Record Key Type: tid
TID
is short for "timestamp identifier" and represents a createdAt
timestamp for a record in an MST.
The characteristics of a TID
are:
- 64-bit integer
- big-endian byte ordering
- encoded as
base32-sortable
. That is, encoded with characters234567abcdefghijklmnopqrstuvwxyz
, with no padding, yielding 13 ASCII characters. - hyphens should not be included in a
TID
The layout of the 64-bit int:
- The top bit is always 0
- The next 53 bits represent microseconds since the UNIX epoch. 53 bits is chosen as the maximum safe integer precision in a 64-bit floating point number
- The final 10 bits are a random "clock identifier" (TODO, explain)
The primary motivation for the TID
is to provide a temporal ordering of records.
Record Key Type: literal:<value>
Used when there is a requirement for a single record to exist within the collection. The most common value is self
, specified as literal:self
in a SDL schema.
Record Key Type: any
Any string that conforms to the general Record Key schema criteria below. This is the most versatile format of a Record Key
.
Record Key schema Requirements
Record Keys must adhere to the following syntactic rules:
- Limited to a subset of ASCII characters, which include alphanumerics (
A-Za-z0-9
), the period, the dash, the underscore, the colon, or the tilde (.-_:~
) - Must consist of a minimum of 1 and a maximum of 512 characters
- key values
.
and..
are disallowed - Must be compatible as a part of a repository MST path string, satisfying the given constraints
- Must be permissible for inclusion in a path component of a URI, aligning with RFC-3986, section 3.3.

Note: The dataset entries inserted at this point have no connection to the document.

(* Let $S\subseteq\mathbb{R}^m$ be a semialgebraic set. Then there exist $\mathcal N\in ISDnet(m,n,1)$ and $C\in\mathbb{N}$ such that for every $c\ge C$ and every $x\in\mathbb{R}^m$, $\mathrm{ODESolve}(\mathcal N,c,x,(0,0,0),1) = (0,\chi_S(x))$, where $0\in\mathbb{R}^n$ and $\chi_S$ is the characteristic function of $S$ ($\chi_S(x)=1$ if $x\in S$, $0$ otherwise).
   Context: $ISD(D)$ is the smallest set of functions $D\to\mathbb{R}$ containing all restrictions of real polynomials and closed under pointwise $\min$, $\max$; vector/matrix maps are ISD if all entries are. $ISDnet(m,n,1) := ISD(\mathbb{R}^m\times\mathbb{R}^{n+1}\times\mathbb{R},\ \mathbb{R}^{(n+1)\times(n+1)}\times\mathbb{R}^{n+1})$; for $\mathcal N$ in it write $\mathcal N(x,y,t,s)=(M(x,y,t,s),b(x,y,t,s))$. $\mathrm{clamp\text{-}sol}_c(M,b):=\mathrm{clamp}(M^{-1}b,-c,c)$ (componentwise $a_i\mapsto\min(\max(a_i,-c),c)$) if $M$ is invertible, and $0$ otherwise. $\mathrm{ODESolve}(\mathcal N,c,x,(y_0,t_0,s_0),s_{\mathrm{final}})$ denotes $(y(s_{\mathrm{final}}),t(s_{\mathrm{final}}))$ where $(y,t)$ is the exact solution of $\frac{d}{ds}(y,t)=\mathrm{clamp\text{-}sol}_c\big(M(x,y,t,s),b(x,y,t,s)\big)$ with $(y,t)(s_0)=(y_0,t_0)$. A semialgebraic set is a finite union of sets defined by finitely many polynomial equations and strict polynomial inequalities. *)

theory Defs
  imports Complex_Main "Jordan_Normal_Form.Matrix"
begin

inductive_set polys_on :: "('a \<Rightarrow> real) set \<Rightarrow> ('a \<Rightarrow> real) set" for V where
  const: "(\<lambda>z. c) \<in> polys_on V"
| var: "f \<in> V \<Longrightarrow> f \<in> polys_on V"
| add: "f \<in> polys_on V \<Longrightarrow> g \<in> polys_on V \<Longrightarrow> (\<lambda>z. f z + g z) \<in> polys_on V"
| mult: "f \<in> polys_on V \<Longrightarrow> g \<in> polys_on V \<Longrightarrow> (\<lambda>z. f z * g z) \<in> polys_on V"

inductive_set ISD_on :: "('a \<Rightarrow> real) set \<Rightarrow> ('a \<Rightarrow> real) set" for V where
  poly: "f \<in> polys_on V \<Longrightarrow> f \<in> ISD_on V"
| min: "f \<in> ISD_on V \<Longrightarrow> g \<in> ISD_on V \<Longrightarrow> (\<lambda>z. min (f z) (g z)) \<in> ISD_on V"
| max: "f \<in> ISD_on V \<Longrightarrow> g \<in> ISD_on V \<Longrightarrow> (\<lambda>z. max (f z) (g z)) \<in> ISD_on V"

definition polys :: "nat \<Rightarrow> (real vec \<Rightarrow> real) set" where
  "polys m = polys_on {(\<lambda>x. x $ i) | i. i < m}"

definition semialgebraic :: "nat \<Rightarrow> real vec set \<Rightarrow> bool" where
  "semialgebraic m S \<longleftrightarrow>
     (\<exists>F :: ((real vec \<Rightarrow> real) set \<times> (real vec \<Rightarrow> real) set) set.
        finite F \<and>
        (\<forall>(P, Q) \<in> F. finite P \<and> finite Q \<and> P \<subseteq> polys m \<and> Q \<subseteq> polys m) \<and>
        S = (\<Union>(P, Q) \<in> F. {x \<in> carrier_vec m. (\<forall>p\<in>P. p x = 0) \<and> (\<forall>q\<in>Q. q x > 0)}))"

text \<open>Inputs of an ISD-net in ISDnet(m,n,1): (x, z, s) with x in R^m,
  z = (y,t) in R^(n+1) (t is the last coordinate z $ n), s in R.\<close>
type_synonym net_input = "real vec \<times> real vec \<times> real"

definition net_vars :: "nat \<Rightarrow> nat \<Rightarrow> (net_input \<Rightarrow> real) set" where
  "net_vars m n = {(\<lambda>(x, z, s). x $ i) | i. i < m} \<union> {(\<lambda>(x, z, s). z $ j) | j. j < n + 1}
                   \<union> {(\<lambda>(x, z, s). s)}"

text \<open>A network is given by the entry functions of M (an (n+1)x(n+1) matrix) and b
  (a vector in R^(n+1)).\<close>
type_synonym isdnet = "(nat \<Rightarrow> nat \<Rightarrow> (net_input \<Rightarrow> real)) \<times> (nat \<Rightarrow> (net_input \<Rightarrow> real))"

definition is_ISDnet :: "nat \<Rightarrow> nat \<Rightarrow> isdnet \<Rightarrow> bool" where
  "is_ISDnet m n N \<longleftrightarrow>
     (\<forall>i < n + 1. \<forall>j < n + 1. fst N i j \<in> ISD_on (net_vars m n)) \<and>
     (\<forall>i < n + 1. snd N i \<in> ISD_on (net_vars m n))"

definition net_M :: "nat \<Rightarrow> isdnet \<Rightarrow> real vec \<Rightarrow> real vec \<Rightarrow> real \<Rightarrow> real mat" where
  "net_M n N x z s = mat (n + 1) (n + 1) (\<lambda>(i, j). fst N i j (x, z, s))"

definition net_b :: "nat \<Rightarrow> isdnet \<Rightarrow> real vec \<Rightarrow> real vec \<Rightarrow> real \<Rightarrow> real vec" where
  "net_b n N x z s = vec (n + 1) (\<lambda>i. snd N i (x, z, s))"

definition clamp :: "real \<Rightarrow> real \<Rightarrow> real" where
  "clamp c a = min (max a (- c)) c"

definition clamp_sol :: "real \<Rightarrow> real mat \<Rightarrow> real vec \<Rightarrow> real vec" where
  "clamp_sol c M b =
     (if invertible_mat M
      then vec (dim_vec b) (\<lambda>i. clamp c ((THE v. v \<in> carrier_vec (dim_col M) \<and> M *\<^sub>v v = b) $ i))
      else 0\<^sub>v (dim_vec b))"

definition ode_solution ::
  "nat \<Rightarrow> isdnet \<Rightarrow> real \<Rightarrow> real vec \<Rightarrow> real vec \<Rightarrow> real \<Rightarrow> real \<Rightarrow> (real \<Rightarrow> real vec) \<Rightarrow> bool" where
  "ode_solution n N c x z0 s0 s1 sol \<longleftrightarrow>
     sol s0 = z0 \<and>
     (\<forall>s \<in> {s0..s1}. sol s \<in> carrier_vec (n + 1) \<and>
        (\<forall>i < n + 1. ((\<lambda>r. sol r $ i) has_real_derivative
            (clamp_sol c (net_M n N x (sol s) s) (net_b n N x (sol s) s) $ i)) (at s within {s0..s1})))"

end

theory Submission
  imports Defs
begin

(* A semialgebraic indicator is a finite sum of steps a_k [G_k x > 0] with ISD functions G_k:
   [p = 0] = 1 - [p^2 > 0], and products of steps are steps since [min u v > 0] = [u > 0] [v > 0].
   The network (n = 1) carries a register r next to the output t and devotes the k-th of K equal time
   slots to the k-th step. With M = [[1, 0], [-Q, P]] and b = (Phi, 0) the velocity is (Phi, Q Phi / P),
   where Phi pushes r up by a bump in the first half of the slot and back down in the second half,
   P = min (max (G_k x) 0) (up + down) and Q = min (max (G_k x) 0) up. If G_k x <= 0, M is singular and
   nothing moves; otherwise Q / P is 1 while r rises and 0 while it falls, so t gains exactly a_k and r
   returns to 0. The velocity is bounded and does not depend on the state, so for large c the clamp is
   inactive and the unique solution is the explicit primitive. *)

section \<open>Closure properties of ISD functions\<close>

lemma polys_on_diff: "f \<in> polys_on V \<Longrightarrow> g \<in> polys_on V \<Longrightarrow> (\<lambda>z. f z - g z) \<in> polys_on V"
  using polys_on.add[of f V "\<lambda>z. - 1 * g z"] polys_on.mult[OF polys_on.const, of g V "- 1"] by simp

lemma ISD_on_const: "(\<lambda>z. c) \<in> ISD_on V"
  by (intro ISD_on.poly polys_on.const)

lemma ISD_on_uminus: "f \<in> ISD_on V \<Longrightarrow> (\<lambda>z. - f z) \<in> ISD_on V"
proof (induction rule: ISD_on.induct)
  case (poly f)
  then show ?case
    using ISD_on.poly[OF polys_on.mult[OF polys_on.const, of f V "- 1"]] by simp
next
  case (min f g)
  then show ?case using ISD_on.max[OF min.IH] by (simp add: minus_min_eq_max)
next
  case (max f g)
  then show ?case using ISD_on.min[OF max.IH] by (simp add: minus_max_eq_min)
qed

lemma ISD_on_add_poly: "f \<in> ISD_on V \<Longrightarrow> p \<in> polys_on V \<Longrightarrow> (\<lambda>z. p z + f z) \<in> ISD_on V"
proof (induction rule: ISD_on.induct)
  case (poly f)
  then show ?case by (intro ISD_on.poly polys_on.add)
next
  case (min f g)
  then show ?case using ISD_on.min[OF min.IH] by (simp add: min_add_distrib_right)
next
  case (max f g)
  then show ?case using ISD_on.max[OF max.IH] by (simp add: max_add_distrib_right)
qed

lemma ISD_on_add: "f \<in> ISD_on V \<Longrightarrow> g \<in> ISD_on V \<Longrightarrow> (\<lambda>z. f z + g z) \<in> ISD_on V"
proof (induction arbitrary: g rule: ISD_on.induct)
  case (poly f)
  then show ?case using ISD_on_add_poly by blast
next
  case (min f1 f2)
  then show ?case using ISD_on.min[OF min.IH[OF min.prems]] by (simp add: min_add_distrib_left)
next
  case (max f1 f2)
  then show ?case using ISD_on.max[OF max.IH[OF max.prems]] by (simp add: max_add_distrib_left)
qed

lemma ISD_on_diff: "f \<in> ISD_on V \<Longrightarrow> g \<in> ISD_on V \<Longrightarrow> (\<lambda>z. f z - g z) \<in> ISD_on V"
  using ISD_on_add[OF _ ISD_on_uminus, of f V g] by simp

lemma ISD_on_cmult_nonneg: "f \<in> ISD_on V \<Longrightarrow> (c::real) \<ge> 0 \<Longrightarrow> (\<lambda>z. c * f z) \<in> ISD_on V"
proof (induction rule: ISD_on.induct)
  case (poly f)
  then show ?case by (intro ISD_on.poly polys_on.mult polys_on.const)
next
  case (min f g)
  then show ?case using ISD_on.min[OF min.IH] by (simp add: min_mult_distrib_left)
next
  case (max f g)
  then show ?case using ISD_on.max[OF max.IH] by (simp add: max_mult_distrib_left)
qed

lemma ISD_on_cmult: "f \<in> ISD_on V \<Longrightarrow> (\<lambda>z. (c::real) * f z) \<in> ISD_on V"
  using ISD_on_cmult_nonneg[of f V c] ISD_on_uminus[OF ISD_on_cmult_nonneg, of f V "- c"]
  by (cases "c \<ge> 0") simp_all
lemma expectation_sqrt_bounds:
  fixes X :: "'a \<Rightarrow> real"
  assumes int: "integrable M X" and int_sq: "integrable M (\<lambda>\<omega>. (X \<omega>)\<^sup>2)"
    and nonneg: "\<And>\<omega>. X \<omega> \<ge> 0" and pos: "expectation X > 0"
  shows "0 \<le> sqrt (expectation X) - expectation (\<lambda>\<omega>. sqrt (X \<omega>))"
    and "sqrt (expectation X) - expectation (\<lambda>\<omega>. sqrt (X \<omega>))
      \<le> variance X / (2 * expectation X * sqrt (expectation X))"
proof -
  define a where "a = expectation X"
  have X[measurable]: "X \<in> borel_measurable M" using int by simp
  have int_sqrt: "integrable M (\<lambda>\<omega>. sqrt (X \<omega>))"
  proof (rule Bochner_Integration.integrable_bound)
    show "integrable M (\<lambda>\<omega>. 1 + X \<omega>)" using int by simp
    show "AE \<omega> in M. norm (sqrt (X \<omega>)) \<le> norm (1 + X \<omega>)"
    proof (intro AE_I2)
      fix \<omega>
      have "sqrt (X \<omega>) \<le> 1 + (X \<omega> - 1) / 2" using sqrt_le_tangent[of 1 "X \<omega>"] nonneg by simp
      thus "norm (sqrt (X \<omega>)) \<le> norm (1 + X \<omega>)" using nonneg[of \<omega>] by (simp add: field_simps)
    qed
  qed simp
  have int_dev_sq: "integrable M (\<lambda>\<omega>. (X \<omega> - a)\<^sup>2)"
    using int int_sq by (simp add: power2_diff)
  have "expectation (\<lambda>\<omega>. sqrt (X \<omega>)) \<le> expectation (\<lambda>\<omega>. sqrt a + (X \<omega> - a) / (2 * sqrt a))"
    using int_sqrt int pos nonneg by (intro integral_mono sqrt_le_tangent) (auto simp: a_def)
  also have "\<dots> = sqrt a"
    using int by (simp add: a_def prob_space)
  finally show "0 \<le> sqrt (expectation X) - expectation (\<lambda>\<omega>. sqrt (X \<omega>))"
    unfolding a_def by simp
  have "sqrt a - variance X / (2 * a * sqrt a)
      = expectation (\<lambda>\<omega>. sqrt a + (X \<omega> - a) / (2 * sqrt a) - (X \<omega> - a)\<^sup>2 / (2 * a * sqrt a))"
    using int int_dev_sq by (simp add: a_def prob_space)
  also have "\<dots> \<le> expectation (\<lambda>\<omega>. sqrt (X \<omega>))"
    using int int_dev_sq int_sqrt pos nonneg
    by (intro integral_mono sqrt_ge_tangent_minus_square) (auto simp: a_def)
  finally show "sqrt (expectation X) - expectation (\<lambda>\<omega>. sqrt (X \<omega>))
      \<le> variance X / (2 * expectation X * sqrt (expectation X))"
    unfolding a_def by simp
qed

lemma relative_sqrt_expectation_gap:
  fixes X :: "'a \<Rightarrow> real"
  assumes "integrable M X" and "integrable M (\<lambda>\<omega>. (X \<omega>)\<^sup>2)"
    and "\<And>\<omega>. X \<omega> \<ge> 0" and pos: "expectation X > 0"
  shows "0 \<le> (sqrt (expectation X) - expectation (\<lambda>\<omega>. sqrt (X \<omega>))) / sqrt (expectation X)"
    and "(sqrt (expectation X) - expectation (\<lambda>\<omega>. sqrt (X \<omega>))) / sqrt (expectation X)
      \<le> variance X / (2 * (expectation X)\<^sup>2)"
proof -
  note bounds = expectation_sqrt_bounds[OF assms]
  define a F where "a = expectation X" and "F = expectation (\<lambda>\<omega>. sqrt (X \<omega>))"
  have "sqrt a > 0" using pos unfolding a_def by simp
  show "0 \<le> (sqrt (expectation X) - expectation (\<lambda>\<omega>. sqrt (X \<omega>))) / sqrt (expectation X)"
    using bounds(1) pos by simp
  have "(sqrt a - F) / sqrt a \<le> variance X / (2 * a * sqrt a) / sqrt a"
    using bounds(2) \<open>sqrt a > 0\<close> unfolding a_def F_def by (intro divide_right_mono) auto
  also have "\<dots> = variance X / (2 * a\<^sup>2)"
    using \<open>sqrt a > 0\<close> by (simp add: power2_eq_square)
  finally show "(sqrt (expectation X) - expectation (\<lambda>\<omega>. sqrt (X \<omega>))) / sqrt (expectation X)
      \<le> variance X / (2 * (expectation X)\<^sup>2)"
    unfolding a_def F_def .
qed

end

lemma normR_eq_sqrt_integral:
  assumes "\<And>i j. integrable M (\<lambda>\<omega>. gram (J \<omega>) $ i $ j)"
  shows "normR M J v = sqrt (\<integral>\<omega>. v \<bullet> (gram (J \<omega>) *v v) \<partial>M)"
proof -
  have "v \<bullet> ((\<chi> i j. \<integral>\<omega>. gram (J \<omega>) $ i $ j \<partial>M) *v v)
      = (\<Sum>i\<in>UNIV. \<Sum>j\<in>UNIV. v $ i * v $ j * (\<integral>\<omega>. gram (J \<omega>) $ i $ j \<partial>M))"
    by (simp add: inner_matrix_vector_mult_eq_sum)
  also have "\<dots> = (\<integral>\<omega>. v \<bullet> (gram (J \<omega>) *v v) \<partial>M)"
    using assms by (simp add: inner_matrix_vector_mult_eq_sum Bochner_Integration.integral_sum)
  finally show ?thesis unfolding normR_def by simp
qed

locale gaussian_rows = prob_space M for M :: "'w measure" +
  fixes J :: "'w \<Rightarrow> real^'q^'d" and EJ :: "real^'q^'d" and \<Sigma> :: "real^'q^'q"
  assumes sym_pos_def: "sym_pos_def_mat \<Sigma>"
    and indep_rows: "indep_vars (\<lambda>_. borel) (\<lambda>k \<omega>. J \<omega> $ k) UNIV"
    and row_distributed: "\<And>k. distributed M lborel (\<lambda>\<omega>. J \<omega> $ k) (\<lambda>x. ennreal (mvn_density (EJ $ k) \<Sigma> x))"
begin

lemmas row_moments = mvn_inner_moments[OF sym_pos_def row_distributed]

lemma integrable_gram_nth: "integrable M (\<lambda>\<omega>. gram (J \<omega>) $ i $ j)"
proof -
  have polarization: "J \<omega> $ k $ i * J \<omega> $ k $ j
      = ((J \<omega> $ k \<bullet> (axis i 1 + axis j 1))\<^sup>2 - (J \<omega> $ k \<bullet> (axis i 1 - axis j 1))\<^sup>2) / 4" for \<omega> k
    by (simp add: inner_add_right inner_diff_right inner_axis power2_eq_square algebra_simps)
  show ?thesis unfolding gram_nth polarization
    by (intro Bochner_Integration.integrable_sum integrable_divide_zero
        Bochner_Integration.integrable_diff row_moments(1))
qed

lemma quadratic_form_moments:
  fixes v :: "real^'q"
  defines "X \<equiv> \<lambda>\<omega>. v \<bullet> (gram (J \<omega>) *v v)"
    and "\<sigma>2 \<equiv> v \<bullet> (\<Sigma> *v v)" and "L \<equiv> v \<bullet> ((transpose EJ ** EJ) *v v)"
  shows "integrable M X" and "integrable M (\<lambda>\<omega>. (X \<omega>)\<^sup>2)"
    and "expectation X = L + real CARD('d) * \<sigma>2"
    and "variance X = 4 * \<sigma>2 * L + 2 * real CARD('d) * \<sigma>2\<^sup>2"
proof -
  have X_sum: "X = (\<lambda>\<omega>. \<Sum>k\<in>UNIV. (J \<omega> $ k \<bullet> v)\<^sup>2)" unfolding X_def inner_gram_mult ..
  have L_sum: "L = (\<Sum>k\<in>UNIV. (EJ $ k \<bullet> v)\<^sup>2)" unfolding L_def inner_gram_mult[unfolded gram_def] ..
  have indep_squares: "indep_vars (\<lambda>_. borel) (\<lambda>k \<omega>. (J \<omega> $ k \<bullet> v)\<^sup>2) UNIV"
    using indep_vars_compose2[OF indep_rows, of "\<lambda>_ x. (x \<bullet> v)\<^sup>2"] by simp
  have int_square: "integrable M (\<lambda>\<omega>. ((J \<omega> $ k \<bullet> v)\<^sup>2)\<^sup>2)" for k
    using row_moments(1)[of k v 4] by simp
  note variance_sum = variance_sum_indep[OF finite_class.finite_UNIV indep_squares row_moments(1) int_square]
  show "integrable M X" unfolding X_sum by (simp add: row_moments(1))
  show "integrable M (\<lambda>\<omega>. (X \<omega>)\<^sup>2)" unfolding X_sum by (rule variance_sum(1))
  show "expectation X = L + real CARD('d) * \<sigma>2"
    unfolding X_sum L_sum \<sigma>2_def
    by (simp add: Bochner_Integration.integral_sum row_moments sum.distrib)
  show "variance X = 4 * \<sigma>2 * L + 2 * real CARD('d) * \<sigma>2\<^sup>2"
    unfolding X_sum L_sum \<sigma>2_def variance_sum(2) mvn_variance_inner_square[OF sym_pos_def row_distributed]
    by (simp add: sum.distrib sum_distrib_left algebra_simps)
qed

end

theorem mainTheorem10:
  fixes M :: "'w measure"
    and J :: "'w \<Rightarrow> real^'q^'d"
    and EJ :: "real^'q^'d"
    and \<Sigma> :: "real^'q^'q"
    and v :: "real^'q"
  assumes "prob_space M"
    and "sym_pos_def_mat \<Sigma>"
    and "prob_space.indep_vars M (\<lambda>_. borel) (\<lambda>k \<omega>. J \<omega> $ k) UNIV"
    and "\<And>k. distributed M lborel (\<lambda>\<omega>. J \<omega> $ k) (\<lambda>x. ennreal (mvn_density (EJ $ k) \<Sigma> x))"
    and "v \<noteq> 0"
  defines "\<omega>' \<equiv> (v \<bullet> ((transpose EJ ** EJ) *v v)) / (v \<bullet> (\<Sigma> *v v))"
    and "D \<equiv> real CARD('d)"
  shows "0 \<le> (normR M J v - normF M J v) / normR M J v
       \<and> (normR M J v - normF M J v) / normR M J v \<le> 1 / (D + \<omega>') + \<omega>' / (D + \<omega>')^2"
proof -
  interpret gaussian_rows M J EJ \<Sigma>
    by (intro gaussian_rows.intro gaussian_rows_axioms.intro) (fact assms)+
  define X where "X \<omega> = v \<bullet> (gram (J \<omega>) *v v)" for \<omega>
  define \<sigma>2 where "\<sigma>2 = v \<bullet> (\<Sigma> *v v)"
  define L where "L = v \<bullet> ((transpose EJ ** EJ) *v v)"
  note moments = quadratic_form_moments[of v, folded X_def \<sigma>2_def L_def]
  have "\<sigma>2 > 0" using sym_pos_def assms(5) unfolding sym_pos_def_mat_def \<sigma>2_def by auto
  have "L \<ge> 0" unfolding L_def using inner_gram_mult[of v EJ] by (simp add: gram_def sum_nonneg)
  have \<omega>'_eq: "\<omega>' = L / \<sigma>2" unfolding \<omega>'_def L_def \<sigma>2_def ..
  have mean: "expectation X = \<sigma>2 * (D + \<omega>')"
    unfolding moments(3) \<omega>'_eq D_def using \<open>\<sigma>2 > 0\<close> by (simp add: field_simps)
  have variance: "variance X = 2 * \<sigma>2\<^sup>2 * (D + 2 * \<omega>')"
    unfolding moments(4) \<omega>'_eq D_def using \<open>\<sigma>2 > 0\<close> by (simp add: field_simps power2_eq_square)
  have "D + \<omega>' > 0" unfolding \<omega>'_eq D_def using \<open>\<sigma>2 > 0\<close> \<open>L \<ge> 0\<close> by (simp add: add_pos_nonneg)
  have "expectation X > 0" unfolding mean using \<open>\<sigma>2 > 0\<close> \<open>D + \<omega>' > 0\<close> by simp
  have normF: "normF M J v = expectation (\<lambda>\<omega>. sqrt (X \<omega>))" unfolding normF_def X_def ..
  have normR: "normR M J v = sqrt (expectation X)"
    unfolding X_def by (rule normR_eq_sqrt_integral[OF integrable_gram_nth])
  have X_nonneg: "X \<omega> \<ge> 0" for \<omega> unfolding X_def inner_gram_mult by (simp add: sum_nonneg)
  note gap = relative_sqrt_expectation_gap[OF moments(1,2) X_nonneg \<open>expectation X > 0\<close>]
  have "variance X / (2 * (expectation X)\<^sup>2) = (D + 2 * \<omega>') / (D + \<omega>')\<^sup>2"
    unfolding variance unfolding mean using \<open>\<sigma>2 > 0\<close> by (simp add: power_mult_distrib)
  also have "\<dots> = (D + \<omega>') / (D + \<omega>')\<^sup>2 + \<omega>' / (D + \<omega>')\<^sup>2"
    by (simp add: add_divide_distrib[symmetric] algebra_simps)
  also have "\<dots> = 1 / (D + \<omega>') + \<omega>' / (D + \<omega>')\<^sup>2"
    using \<open>D + \<omega>' > 0\<close> by (simp add: power2_eq_square)
  finally show ?thesis using gap unfolding normF normR by simp
qed

end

Record Keys are case-sensitive.
Examples
Valid Record Keys:
1a2b3c
self
example.net
~1.2-3_
rDg8fH
prefix:suffix
_
Invalid Record Keys:
alpha/beta
- contains disallowed character/
.
- disallowed key value..
- disallowed key value#extra
- contains disallowed character#
any space
- contains disallowed characterany+space
- contains disallowed character+
number[3]
- contains disallowed characters[
and]
number(3)
- contains disallowed characters(
and)
"quote"
- contains disallowed character"
dHJ1ZQ==
- invalid base32 encoding (contains padding characters)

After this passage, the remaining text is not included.